PROVIDED DATA:
-=-=-

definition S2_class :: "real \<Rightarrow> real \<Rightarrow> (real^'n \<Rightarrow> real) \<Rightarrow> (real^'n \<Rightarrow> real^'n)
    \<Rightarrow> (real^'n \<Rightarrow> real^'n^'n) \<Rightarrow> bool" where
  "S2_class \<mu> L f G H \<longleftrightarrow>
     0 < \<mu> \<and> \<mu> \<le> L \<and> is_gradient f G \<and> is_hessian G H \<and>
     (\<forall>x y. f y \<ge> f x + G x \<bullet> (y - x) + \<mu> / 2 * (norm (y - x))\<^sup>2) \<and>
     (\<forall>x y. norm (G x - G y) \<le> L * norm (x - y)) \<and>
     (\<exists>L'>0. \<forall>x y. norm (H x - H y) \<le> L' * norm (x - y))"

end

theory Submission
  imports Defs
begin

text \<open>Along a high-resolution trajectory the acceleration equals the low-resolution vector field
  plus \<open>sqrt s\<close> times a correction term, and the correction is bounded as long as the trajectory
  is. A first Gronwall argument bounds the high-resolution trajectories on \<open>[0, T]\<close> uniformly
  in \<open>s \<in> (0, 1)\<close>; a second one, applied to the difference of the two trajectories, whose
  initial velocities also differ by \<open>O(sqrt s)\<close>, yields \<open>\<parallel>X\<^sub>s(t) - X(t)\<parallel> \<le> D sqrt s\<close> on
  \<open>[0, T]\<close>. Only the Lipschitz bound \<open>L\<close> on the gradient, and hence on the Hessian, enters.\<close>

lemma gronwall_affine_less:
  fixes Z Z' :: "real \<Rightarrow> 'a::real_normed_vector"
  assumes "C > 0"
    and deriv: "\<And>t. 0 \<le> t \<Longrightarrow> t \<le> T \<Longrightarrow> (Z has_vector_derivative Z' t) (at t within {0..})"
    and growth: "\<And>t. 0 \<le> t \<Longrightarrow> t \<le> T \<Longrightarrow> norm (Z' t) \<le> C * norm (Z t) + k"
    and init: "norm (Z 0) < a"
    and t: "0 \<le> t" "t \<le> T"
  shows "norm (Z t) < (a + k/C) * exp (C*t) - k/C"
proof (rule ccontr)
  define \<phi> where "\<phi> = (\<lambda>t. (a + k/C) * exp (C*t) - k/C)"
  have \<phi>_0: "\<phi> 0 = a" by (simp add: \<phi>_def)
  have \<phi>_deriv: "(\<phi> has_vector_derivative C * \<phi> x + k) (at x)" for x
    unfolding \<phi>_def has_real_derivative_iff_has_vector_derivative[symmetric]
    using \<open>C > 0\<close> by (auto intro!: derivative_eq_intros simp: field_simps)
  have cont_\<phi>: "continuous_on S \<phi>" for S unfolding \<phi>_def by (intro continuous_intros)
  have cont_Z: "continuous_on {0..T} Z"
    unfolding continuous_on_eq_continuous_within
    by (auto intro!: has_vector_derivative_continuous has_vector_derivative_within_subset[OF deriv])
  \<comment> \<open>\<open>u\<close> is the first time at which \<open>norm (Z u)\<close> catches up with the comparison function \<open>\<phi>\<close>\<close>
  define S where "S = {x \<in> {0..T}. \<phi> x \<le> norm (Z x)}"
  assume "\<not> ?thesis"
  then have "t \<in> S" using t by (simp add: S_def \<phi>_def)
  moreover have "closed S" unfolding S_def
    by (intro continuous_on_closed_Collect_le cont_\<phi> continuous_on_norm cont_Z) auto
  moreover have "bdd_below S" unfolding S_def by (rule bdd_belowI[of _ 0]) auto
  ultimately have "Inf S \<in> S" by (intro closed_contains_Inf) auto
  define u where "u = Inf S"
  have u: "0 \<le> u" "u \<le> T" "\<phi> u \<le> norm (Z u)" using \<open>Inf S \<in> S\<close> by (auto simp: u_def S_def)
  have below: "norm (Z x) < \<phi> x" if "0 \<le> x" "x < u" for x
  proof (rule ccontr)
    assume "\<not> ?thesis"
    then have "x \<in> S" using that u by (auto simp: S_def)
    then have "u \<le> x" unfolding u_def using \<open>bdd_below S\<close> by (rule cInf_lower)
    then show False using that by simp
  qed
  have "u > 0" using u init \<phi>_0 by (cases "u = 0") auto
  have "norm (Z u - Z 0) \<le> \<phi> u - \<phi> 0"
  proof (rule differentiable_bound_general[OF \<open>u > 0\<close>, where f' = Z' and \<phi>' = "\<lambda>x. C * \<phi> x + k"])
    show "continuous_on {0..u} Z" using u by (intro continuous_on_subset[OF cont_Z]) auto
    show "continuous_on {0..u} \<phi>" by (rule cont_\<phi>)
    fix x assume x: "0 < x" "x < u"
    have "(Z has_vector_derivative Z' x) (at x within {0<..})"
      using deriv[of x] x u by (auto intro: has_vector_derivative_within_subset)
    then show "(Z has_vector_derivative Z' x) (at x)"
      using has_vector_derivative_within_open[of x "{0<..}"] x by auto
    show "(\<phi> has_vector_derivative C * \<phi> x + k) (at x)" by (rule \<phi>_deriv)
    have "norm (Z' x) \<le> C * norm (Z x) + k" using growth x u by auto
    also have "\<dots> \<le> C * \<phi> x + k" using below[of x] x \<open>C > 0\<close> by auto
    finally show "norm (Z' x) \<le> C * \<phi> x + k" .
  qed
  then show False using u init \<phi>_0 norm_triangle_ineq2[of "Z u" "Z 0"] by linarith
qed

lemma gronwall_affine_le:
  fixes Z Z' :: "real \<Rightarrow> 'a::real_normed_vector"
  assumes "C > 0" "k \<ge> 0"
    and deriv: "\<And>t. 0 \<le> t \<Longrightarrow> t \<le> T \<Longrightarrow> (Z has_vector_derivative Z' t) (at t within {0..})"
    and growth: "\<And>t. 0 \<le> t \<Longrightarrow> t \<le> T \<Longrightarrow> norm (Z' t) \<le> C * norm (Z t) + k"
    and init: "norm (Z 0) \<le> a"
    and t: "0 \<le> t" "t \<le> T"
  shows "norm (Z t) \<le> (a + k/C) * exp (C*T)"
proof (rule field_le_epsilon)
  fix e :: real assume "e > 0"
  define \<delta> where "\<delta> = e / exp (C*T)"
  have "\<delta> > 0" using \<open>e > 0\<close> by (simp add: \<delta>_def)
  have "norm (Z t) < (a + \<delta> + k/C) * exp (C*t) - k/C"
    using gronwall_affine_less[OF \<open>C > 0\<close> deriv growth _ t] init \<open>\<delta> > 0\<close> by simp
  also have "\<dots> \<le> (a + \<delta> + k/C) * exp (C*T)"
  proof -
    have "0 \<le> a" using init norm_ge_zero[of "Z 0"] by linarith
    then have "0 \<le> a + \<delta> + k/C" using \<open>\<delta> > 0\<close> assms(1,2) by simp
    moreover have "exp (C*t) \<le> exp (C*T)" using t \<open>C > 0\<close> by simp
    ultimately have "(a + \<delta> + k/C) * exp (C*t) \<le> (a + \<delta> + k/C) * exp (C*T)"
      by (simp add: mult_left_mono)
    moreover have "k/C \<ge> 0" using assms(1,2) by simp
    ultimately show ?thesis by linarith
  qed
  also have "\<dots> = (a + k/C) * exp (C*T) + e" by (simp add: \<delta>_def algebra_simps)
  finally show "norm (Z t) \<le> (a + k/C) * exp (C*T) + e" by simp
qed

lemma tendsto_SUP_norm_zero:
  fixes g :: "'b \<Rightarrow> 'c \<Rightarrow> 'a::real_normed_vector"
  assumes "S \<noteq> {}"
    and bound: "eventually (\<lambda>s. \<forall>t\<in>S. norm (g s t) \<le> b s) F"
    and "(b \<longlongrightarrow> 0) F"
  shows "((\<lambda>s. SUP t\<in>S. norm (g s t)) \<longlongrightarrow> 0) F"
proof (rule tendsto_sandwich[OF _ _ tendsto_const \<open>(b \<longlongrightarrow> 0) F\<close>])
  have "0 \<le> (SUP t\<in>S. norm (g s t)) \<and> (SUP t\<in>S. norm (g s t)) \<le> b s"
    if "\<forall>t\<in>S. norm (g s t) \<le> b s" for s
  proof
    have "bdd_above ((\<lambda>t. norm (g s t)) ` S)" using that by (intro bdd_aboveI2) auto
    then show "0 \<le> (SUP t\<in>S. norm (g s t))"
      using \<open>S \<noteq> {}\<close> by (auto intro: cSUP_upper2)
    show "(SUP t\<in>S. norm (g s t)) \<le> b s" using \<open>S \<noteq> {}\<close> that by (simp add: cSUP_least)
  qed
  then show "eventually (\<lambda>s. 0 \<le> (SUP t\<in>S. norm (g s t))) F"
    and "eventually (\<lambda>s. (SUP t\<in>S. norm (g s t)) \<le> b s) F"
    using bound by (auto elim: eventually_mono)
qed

-=-=-

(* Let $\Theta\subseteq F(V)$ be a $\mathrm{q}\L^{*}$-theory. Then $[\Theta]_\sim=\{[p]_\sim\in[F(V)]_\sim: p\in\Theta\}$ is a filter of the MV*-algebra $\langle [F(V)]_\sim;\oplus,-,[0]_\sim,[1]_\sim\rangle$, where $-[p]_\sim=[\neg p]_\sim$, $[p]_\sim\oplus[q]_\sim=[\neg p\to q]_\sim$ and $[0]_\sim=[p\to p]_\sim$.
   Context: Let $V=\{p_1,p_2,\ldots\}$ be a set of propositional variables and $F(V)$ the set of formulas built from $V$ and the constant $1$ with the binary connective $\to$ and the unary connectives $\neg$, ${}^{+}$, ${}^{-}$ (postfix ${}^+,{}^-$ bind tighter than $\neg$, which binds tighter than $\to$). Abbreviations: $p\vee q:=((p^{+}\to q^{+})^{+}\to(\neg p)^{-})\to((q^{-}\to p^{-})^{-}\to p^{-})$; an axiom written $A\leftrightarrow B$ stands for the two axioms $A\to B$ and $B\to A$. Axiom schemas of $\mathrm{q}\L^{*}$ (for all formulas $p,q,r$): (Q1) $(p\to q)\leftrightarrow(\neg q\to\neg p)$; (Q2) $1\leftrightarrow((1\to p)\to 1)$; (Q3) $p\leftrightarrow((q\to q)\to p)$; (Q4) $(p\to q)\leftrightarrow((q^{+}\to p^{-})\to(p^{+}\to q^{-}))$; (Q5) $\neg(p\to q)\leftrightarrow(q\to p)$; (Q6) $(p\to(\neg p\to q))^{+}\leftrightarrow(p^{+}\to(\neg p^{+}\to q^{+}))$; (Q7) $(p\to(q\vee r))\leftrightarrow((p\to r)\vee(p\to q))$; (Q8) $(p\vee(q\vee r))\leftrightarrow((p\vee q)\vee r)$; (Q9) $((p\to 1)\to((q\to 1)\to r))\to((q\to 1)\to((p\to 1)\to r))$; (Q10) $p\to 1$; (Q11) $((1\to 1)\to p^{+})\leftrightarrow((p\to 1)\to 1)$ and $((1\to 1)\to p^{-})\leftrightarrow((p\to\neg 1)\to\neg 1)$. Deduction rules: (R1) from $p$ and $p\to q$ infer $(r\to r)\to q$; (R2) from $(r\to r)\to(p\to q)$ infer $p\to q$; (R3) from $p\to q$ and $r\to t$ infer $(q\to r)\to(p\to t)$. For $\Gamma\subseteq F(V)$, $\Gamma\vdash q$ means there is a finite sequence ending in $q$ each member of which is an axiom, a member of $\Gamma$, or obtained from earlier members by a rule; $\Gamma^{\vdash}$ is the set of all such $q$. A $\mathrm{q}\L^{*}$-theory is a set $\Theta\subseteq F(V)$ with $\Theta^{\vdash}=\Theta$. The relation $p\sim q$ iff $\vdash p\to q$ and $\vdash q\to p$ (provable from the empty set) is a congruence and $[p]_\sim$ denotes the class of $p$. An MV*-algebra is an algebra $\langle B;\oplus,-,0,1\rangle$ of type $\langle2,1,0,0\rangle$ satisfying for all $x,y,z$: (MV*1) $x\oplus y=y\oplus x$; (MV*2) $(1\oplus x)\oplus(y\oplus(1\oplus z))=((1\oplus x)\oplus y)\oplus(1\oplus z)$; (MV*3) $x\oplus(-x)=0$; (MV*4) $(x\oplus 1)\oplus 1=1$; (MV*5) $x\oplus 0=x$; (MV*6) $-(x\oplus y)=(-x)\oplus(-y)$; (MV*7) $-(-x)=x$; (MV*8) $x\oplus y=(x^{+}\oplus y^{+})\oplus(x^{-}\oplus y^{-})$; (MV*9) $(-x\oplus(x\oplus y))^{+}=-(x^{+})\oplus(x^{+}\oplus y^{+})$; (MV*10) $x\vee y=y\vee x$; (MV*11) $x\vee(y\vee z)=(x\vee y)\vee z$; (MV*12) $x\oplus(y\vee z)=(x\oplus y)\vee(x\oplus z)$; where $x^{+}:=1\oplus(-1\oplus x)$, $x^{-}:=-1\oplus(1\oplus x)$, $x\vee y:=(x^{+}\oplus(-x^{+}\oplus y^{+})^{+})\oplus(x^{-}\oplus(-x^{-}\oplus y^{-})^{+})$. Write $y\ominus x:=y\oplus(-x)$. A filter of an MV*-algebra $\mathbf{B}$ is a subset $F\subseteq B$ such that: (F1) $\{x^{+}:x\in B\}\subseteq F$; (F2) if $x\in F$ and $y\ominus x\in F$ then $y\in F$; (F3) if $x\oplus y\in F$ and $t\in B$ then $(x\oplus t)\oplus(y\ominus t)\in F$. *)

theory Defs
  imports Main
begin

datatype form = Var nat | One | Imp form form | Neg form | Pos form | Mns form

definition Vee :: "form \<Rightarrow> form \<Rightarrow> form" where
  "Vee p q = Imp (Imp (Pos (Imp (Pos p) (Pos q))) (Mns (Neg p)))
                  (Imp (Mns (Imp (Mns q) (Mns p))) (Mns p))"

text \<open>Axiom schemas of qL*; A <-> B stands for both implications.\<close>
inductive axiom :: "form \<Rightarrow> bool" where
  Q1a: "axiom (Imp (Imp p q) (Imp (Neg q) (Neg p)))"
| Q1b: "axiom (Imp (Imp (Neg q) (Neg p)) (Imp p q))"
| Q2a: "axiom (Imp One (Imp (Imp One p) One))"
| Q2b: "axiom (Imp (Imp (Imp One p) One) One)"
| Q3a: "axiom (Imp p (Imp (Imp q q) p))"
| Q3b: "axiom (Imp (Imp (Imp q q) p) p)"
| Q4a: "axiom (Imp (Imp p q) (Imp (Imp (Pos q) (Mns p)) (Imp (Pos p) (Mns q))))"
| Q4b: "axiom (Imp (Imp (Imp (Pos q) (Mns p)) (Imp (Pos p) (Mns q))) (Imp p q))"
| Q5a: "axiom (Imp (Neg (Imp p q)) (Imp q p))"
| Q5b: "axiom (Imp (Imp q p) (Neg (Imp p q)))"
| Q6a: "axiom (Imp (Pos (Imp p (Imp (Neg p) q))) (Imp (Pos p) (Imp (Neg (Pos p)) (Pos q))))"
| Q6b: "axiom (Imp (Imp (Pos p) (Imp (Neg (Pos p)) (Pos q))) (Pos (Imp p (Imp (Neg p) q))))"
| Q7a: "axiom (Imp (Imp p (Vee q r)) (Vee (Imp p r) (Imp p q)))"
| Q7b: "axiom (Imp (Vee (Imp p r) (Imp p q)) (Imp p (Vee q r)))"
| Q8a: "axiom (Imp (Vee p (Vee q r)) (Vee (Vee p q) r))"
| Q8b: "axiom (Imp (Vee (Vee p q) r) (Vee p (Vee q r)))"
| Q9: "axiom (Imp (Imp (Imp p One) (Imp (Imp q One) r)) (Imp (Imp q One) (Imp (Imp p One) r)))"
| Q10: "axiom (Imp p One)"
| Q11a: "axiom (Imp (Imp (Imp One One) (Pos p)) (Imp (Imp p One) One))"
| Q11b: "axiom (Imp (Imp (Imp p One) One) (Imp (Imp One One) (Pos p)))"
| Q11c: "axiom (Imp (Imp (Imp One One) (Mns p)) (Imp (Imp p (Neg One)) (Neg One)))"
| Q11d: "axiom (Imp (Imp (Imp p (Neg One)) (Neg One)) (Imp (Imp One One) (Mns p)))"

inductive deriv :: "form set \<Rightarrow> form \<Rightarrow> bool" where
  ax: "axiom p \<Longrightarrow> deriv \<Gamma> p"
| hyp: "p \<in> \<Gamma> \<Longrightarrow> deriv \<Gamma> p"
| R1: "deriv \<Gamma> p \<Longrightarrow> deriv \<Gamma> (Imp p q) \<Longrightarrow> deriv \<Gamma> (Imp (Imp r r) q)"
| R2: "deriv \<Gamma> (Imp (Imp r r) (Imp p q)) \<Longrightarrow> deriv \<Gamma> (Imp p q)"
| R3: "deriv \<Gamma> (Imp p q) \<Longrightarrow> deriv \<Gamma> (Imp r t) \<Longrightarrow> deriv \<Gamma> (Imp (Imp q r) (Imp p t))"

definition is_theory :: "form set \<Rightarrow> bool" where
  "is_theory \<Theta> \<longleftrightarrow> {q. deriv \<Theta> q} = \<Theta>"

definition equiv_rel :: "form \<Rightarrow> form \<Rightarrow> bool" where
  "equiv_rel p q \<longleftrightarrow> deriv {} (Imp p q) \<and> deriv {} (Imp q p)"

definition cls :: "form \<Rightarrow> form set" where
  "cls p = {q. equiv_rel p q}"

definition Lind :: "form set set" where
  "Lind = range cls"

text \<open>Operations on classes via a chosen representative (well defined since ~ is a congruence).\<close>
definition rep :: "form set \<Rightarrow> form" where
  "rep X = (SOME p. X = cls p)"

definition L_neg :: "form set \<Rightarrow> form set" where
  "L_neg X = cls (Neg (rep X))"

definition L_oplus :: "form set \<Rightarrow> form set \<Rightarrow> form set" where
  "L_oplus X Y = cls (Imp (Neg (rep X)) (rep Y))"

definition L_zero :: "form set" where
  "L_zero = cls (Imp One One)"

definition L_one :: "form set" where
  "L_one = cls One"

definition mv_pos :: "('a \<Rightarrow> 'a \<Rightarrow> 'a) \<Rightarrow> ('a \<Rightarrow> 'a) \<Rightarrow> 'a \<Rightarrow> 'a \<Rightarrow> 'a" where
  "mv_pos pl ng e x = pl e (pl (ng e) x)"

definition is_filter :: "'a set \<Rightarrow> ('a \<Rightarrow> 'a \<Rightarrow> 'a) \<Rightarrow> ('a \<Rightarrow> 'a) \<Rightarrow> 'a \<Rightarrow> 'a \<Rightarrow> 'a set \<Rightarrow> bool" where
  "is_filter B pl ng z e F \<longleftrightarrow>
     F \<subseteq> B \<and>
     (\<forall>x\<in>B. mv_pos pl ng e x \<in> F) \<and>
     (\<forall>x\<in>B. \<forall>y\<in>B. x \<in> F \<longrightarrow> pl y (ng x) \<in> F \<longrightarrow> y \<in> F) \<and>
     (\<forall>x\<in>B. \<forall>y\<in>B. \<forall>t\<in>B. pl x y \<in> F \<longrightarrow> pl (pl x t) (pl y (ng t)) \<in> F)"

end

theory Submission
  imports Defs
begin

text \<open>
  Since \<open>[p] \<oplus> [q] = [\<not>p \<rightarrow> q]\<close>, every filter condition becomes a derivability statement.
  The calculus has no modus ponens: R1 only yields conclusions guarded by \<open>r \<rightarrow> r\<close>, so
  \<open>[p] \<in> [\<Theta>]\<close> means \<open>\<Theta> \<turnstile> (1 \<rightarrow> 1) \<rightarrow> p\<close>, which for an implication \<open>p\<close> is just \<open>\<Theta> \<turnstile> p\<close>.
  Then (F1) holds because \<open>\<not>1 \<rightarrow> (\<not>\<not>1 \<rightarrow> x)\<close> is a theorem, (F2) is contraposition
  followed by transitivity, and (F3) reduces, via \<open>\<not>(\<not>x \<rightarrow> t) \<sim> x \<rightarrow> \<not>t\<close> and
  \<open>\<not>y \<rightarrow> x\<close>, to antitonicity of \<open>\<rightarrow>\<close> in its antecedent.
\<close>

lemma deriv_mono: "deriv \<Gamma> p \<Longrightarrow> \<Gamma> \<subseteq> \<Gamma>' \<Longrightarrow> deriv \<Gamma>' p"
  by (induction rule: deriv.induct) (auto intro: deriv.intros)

-=-=-

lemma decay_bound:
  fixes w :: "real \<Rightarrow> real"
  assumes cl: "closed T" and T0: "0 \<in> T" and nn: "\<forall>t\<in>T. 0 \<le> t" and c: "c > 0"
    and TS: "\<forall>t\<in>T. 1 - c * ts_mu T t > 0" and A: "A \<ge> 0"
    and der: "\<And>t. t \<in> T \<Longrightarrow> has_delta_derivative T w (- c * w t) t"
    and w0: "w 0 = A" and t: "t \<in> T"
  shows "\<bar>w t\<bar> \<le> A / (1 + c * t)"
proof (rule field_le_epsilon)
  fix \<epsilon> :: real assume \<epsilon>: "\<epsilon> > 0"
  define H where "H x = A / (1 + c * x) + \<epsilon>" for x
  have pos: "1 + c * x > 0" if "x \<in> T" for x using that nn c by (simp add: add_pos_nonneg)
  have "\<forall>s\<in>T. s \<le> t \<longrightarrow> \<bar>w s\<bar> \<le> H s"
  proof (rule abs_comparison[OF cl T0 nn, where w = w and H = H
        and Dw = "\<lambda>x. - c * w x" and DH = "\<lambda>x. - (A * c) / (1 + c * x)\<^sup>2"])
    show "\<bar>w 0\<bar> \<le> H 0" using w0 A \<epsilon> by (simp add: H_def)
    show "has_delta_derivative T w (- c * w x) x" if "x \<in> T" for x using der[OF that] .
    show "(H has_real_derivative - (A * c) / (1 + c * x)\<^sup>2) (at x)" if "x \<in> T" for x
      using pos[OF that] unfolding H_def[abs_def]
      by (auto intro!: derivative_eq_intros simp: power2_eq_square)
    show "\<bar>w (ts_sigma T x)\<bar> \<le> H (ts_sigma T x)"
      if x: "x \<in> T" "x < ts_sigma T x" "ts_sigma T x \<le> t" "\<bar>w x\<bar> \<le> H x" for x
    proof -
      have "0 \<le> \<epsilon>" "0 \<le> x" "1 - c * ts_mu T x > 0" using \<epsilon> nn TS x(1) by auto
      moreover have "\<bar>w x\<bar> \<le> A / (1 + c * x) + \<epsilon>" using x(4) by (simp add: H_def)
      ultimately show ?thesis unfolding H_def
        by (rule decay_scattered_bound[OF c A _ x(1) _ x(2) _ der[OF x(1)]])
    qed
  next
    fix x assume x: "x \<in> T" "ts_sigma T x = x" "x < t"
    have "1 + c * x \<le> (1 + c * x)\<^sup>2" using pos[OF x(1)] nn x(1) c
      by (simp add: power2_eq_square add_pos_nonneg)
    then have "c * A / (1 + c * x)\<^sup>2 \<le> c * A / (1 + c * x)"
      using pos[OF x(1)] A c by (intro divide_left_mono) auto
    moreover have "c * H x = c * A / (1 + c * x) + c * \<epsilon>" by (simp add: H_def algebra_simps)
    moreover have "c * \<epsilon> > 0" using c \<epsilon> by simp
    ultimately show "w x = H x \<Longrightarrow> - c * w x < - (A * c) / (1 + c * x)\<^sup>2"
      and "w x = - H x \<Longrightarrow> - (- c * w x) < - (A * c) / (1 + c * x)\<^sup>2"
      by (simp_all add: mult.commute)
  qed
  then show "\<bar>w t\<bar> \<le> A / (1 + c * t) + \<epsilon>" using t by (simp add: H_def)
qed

-=-=-

REQUIRED WORK: What you return should be exactly the lines above, starting at the one with "(real^'n \<Rightarrow> real^'n)" and ending at the one with "plus \<open>sqrt s\<close>", and nothing else.

SOLUTION:
definition S2_class :: "real \<Rightarrow> real \<Rightarrow> (real^'n \<Rightarrow> real) \<Rightarrow> (real^'n \<Rightarrow> real^'n)
    \<Rightarrow> (real^'n \<Rightarrow> real^'n^'n) \<Rightarrow> bool" where
  "S2_class \<mu> L f G H \<longleftrightarrow>
     0 < \<mu> \<and> \<mu> \<le> L \<and> is_gradient f G \<and> is_hessian G H \<and>
     (\<forall>x y. f y \<ge> f x + G x \<bullet> (y - x) + \<mu> / 2 * (norm (y - x))\<^sup>2) \<and>
     (\<forall>x y. norm (G x - G y) \<le> L * norm (x - y)) \<and>
     (\<exists>L'>0. \<forall>x y. norm (H x - H y) \<le> L' * norm (x - y))"

end

theory Submission
  imports Defs
begin

text \<open>Along a high-resolution trajectory the acceleration equals the low-resolution vector field
  plus \<open>sqrt s\<close> times a correction term, and the correction is bounded as long as the trajectory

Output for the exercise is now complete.